You should NOT drink LLM output straight
That's both limiting as well as concerning

Rich Heimann made some very insightful remarks regarding use of LLMs on Linkedin, and I want to record my responses here.
It's true that LLMs can be helpful; It's just perhaps not helpful in the precise ways that it's advertised to be or many people understand it to be. Heimann is right in that it could still be helpful, otherwise it just wouldn't be used at all. However, again- It'd have to be used in ways that aren’t entirely "routine" to be beneficial:
Programming: Can't exactly just use it to just "LLM code," copy and pasting in. Doing so could introduce dangerous code that’s easily hacked and/or introduce technical debt into a body of software that'd have to fixed later, possibly wasting much more man-hours than "saved"; LLMs don’t "think about" or "know" what the requirements of a software project are.

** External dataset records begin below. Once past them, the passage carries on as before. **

section \<open>Gap sums over all subsets of a given size\<close>

lemma sum_subsets_split_Min:
  fixes F :: "nat set \<Rightarrow> 'a::comm_monoid_add"
  shows "(\<Sum>S | S \<subseteq> {a..n} \<and> card S = Suc k. F S) =
         (\<Sum>i = a..n. \<Sum>S | S \<subseteq> {Suc i..n} \<and> card S = k. F (insert i S))"
proof -
  have fin: "finite {S. S \<subseteq> {Suc i..n} \<and> card S = k}" for i
    by (rule finite_subset[of _ "Pow {Suc i..n}"]) auto
  have "(\<Sum>i = a..n. \<Sum>S | S \<subseteq> {Suc i..n} \<and> card S = k. F (insert i S))
      = (\<Sum>(i, S)\<in>Sigma {a..n} (\<lambda>i. {S. S \<subseteq> {Suc i..n} \<and> card S = k}). F (insert i S))"
    using fin by (intro sum.Sigma) auto
  also have "\<dots> = (\<Sum>S | S \<subseteq> {a..n} \<and> card S = Suc k. F S)"
  proof (rule sum.reindex_bij_witness[where i = "\<lambda>S. (Min S, S - {Min S})" and j = "\<lambda>(i, S). insert i S"])
    fix x assume x: "x \<in> Sigma {a..n} (\<lambda>i. {S. S \<subseteq> {Suc i..n} \<and> card S = k})"
    then obtain i S where x_eq: "x = (i, S)" and S: "S \<subseteq> {Suc i..n}" "card S = k" "i \<in> {a..n}"
      by auto
    then have "finite S" "i \<notin> S"
      by (auto intro: finite_subset)
    moreover have "Min (insert i S) = i"
      using S \<open>finite S\<close> by (auto intro!: Min_eqI)
    ultimately show "(Min (case x of (i, S) \<Rightarrow> insert i S),
                (case x of (i, S) \<Rightarrow> insert i S) - {Min (case x of (i, S) \<Rightarrow> insert i S)}) = x"
      and "(case x of (i, S) \<Rightarrow> insert i S) \<in> {S. S \<subseteq> {a..n} \<and> card S = Suc k}"
      and "F (case x of (i, S) \<Rightarrow> insert i S) = (case x of (i, S) \<Rightarrow> F (insert i S))"
      using x_eq S by auto
  next
    fix S assume S: "S \<in> {S. S \<subseteq> {a..n} \<and> card S = Suc k}"
    then have "finite S" "S \<noteq> {}" by (auto intro: finite_subset)
    then have "Min S \<in> S" "\<forall>x\<in>S - {Min S}. Min S < x"
      by (auto simp: order.strict_iff_order)
    then show "(case (Min S, S - {Min S}) of (i, S) \<Rightarrow> insert i S) = S"
      and "(Min S, S - {Min S}) \<in> Sigma {a..n} (\<lambda>i. {S. S \<subseteq> {Suc i..n} \<and> card S = k})"
      using S \<open>finite S\<close> by (auto simp: Suc_le_eq subset_iff)
  qed
  finally show ?thesis ..
qed

definition binom_conv :: "(nat \<Rightarrow> real) \<Rightarrow> nat \<Rightarrow> nat \<Rightarrow> real" where
  "binom_conv h k r = (\<Sum>j = 1..r. h j * real (r - j choose k))"

lemma binom_conv_Suc_Suc:
  "binom_conv h (Suc k) (Suc r) = binom_conv h (Suc k) r + binom_conv h k r"
proof -
  have "binom_conv h (Suc k) (Suc r) = (\<Sum>j = 1..r. h j * real (Suc (r - j) choose Suc k))"
    unfolding binom_conv_def by (simp add: sum.cl_ivl_Suc Suc_diff_le)
  then show ?thesis
    unfolding binom_conv_def by (simp add: sum.distrib algebra_simps)
qed

lemma binom_conv_Suc_eq_sum: "binom_conv h (Suc k) m = (\<Sum>r<m. binom_conv h k r)"
  by (induction m) (simp_all add: binom_conv_Suc_Suc, simp add: binom_conv_def)

lemma binom_conv_mono:
  assumes "\<And>j. 1 \<le> j \<Longrightarrow> h j \<le> g j"
  shows "binom_conv h k r \<le> binom_conv g k r"
  unfolding binom_conv_def using assms by (intro sum_mono mult_right_mono) auto

lemma sum_reflect_atLeastAtMost: "(\<Sum>i = a..n. g (n - i)) = (\<Sum>r<Suc n - a. g r)"
  by (rule sum.reindex_bij_witness[where i = "\<lambda>r. n - r" and j = "\<lambda>i. n - i"]) auto

lemma sum_subsets_Min_eq_binom_conv:
  assumes "i \<le> n"
  shows "(\<Sum>S | S \<subseteq> {Suc i..n} \<and> card S = Suc k. h (Min S - i)) = binom_conv h k (n - i)"
proof -
  have "(\<Sum>S | S \<subseteq> {Suc i..n} \<and> card S = Suc k. h (Min S - i))
      = (\<Sum>j = Suc i..n. \<Sum>S | S \<subseteq> {Suc j..n} \<and> card S = k. h (Min (insert j S) - i))"
    by (rule sum_subsets_split_Min)
  also have "\<dots> = (\<Sum>j = Suc i..n. h (j - i) * real (n - j choose k))"
  proof (intro sum.cong refl)
    fix j
    have "Min (insert j S) = j" if "S \<subseteq> {Suc j..n}" for S
      using that by (auto intro!: Min_eqI intro: finite_subset)
    then show "(\<Sum>S | S \<subseteq> {Suc j..n} \<and> card S = k. h (Min (insert j S) - i))
                 = h (j - i) * real (n - j choose k)"
      by (simp add: n_subsets)
  qed
  also have "\<dots> = (\<Sum>j = 1..n - i. h j * real (n - i - j choose k))"
    using assms by (intro sum.reindex_bij_witness[where i = "\<lambda>j. j + i" and j = "\<lambda>j. j - i"]) auto
  finally show ?thesis by (simp add: binom_conv_def)
qed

Informational search/research: I've personally found that I couldn't trust those darned things further than I could chuck a bag of bricks. Even if those engines supposedly produce web links that serve as "references" to the output to enable double checking, those "reference links" would often point to info that's only tangentially related to the original query and not directly answering. Worse, they’d show the information provided by LLMs to be incorrect only if examined CLOSELY i.e. the fine points made by the "sources" are NOT what the output indicate. In other words, you can only kind of use the engine to perhaps point you to possible sources of information (IF they provide weblinks… some don’t even do that and are thus basically USELESS for research) but not directly take the LLM's output as the answer. That's not directly using the engine at all, and it's hardly a routine look-up.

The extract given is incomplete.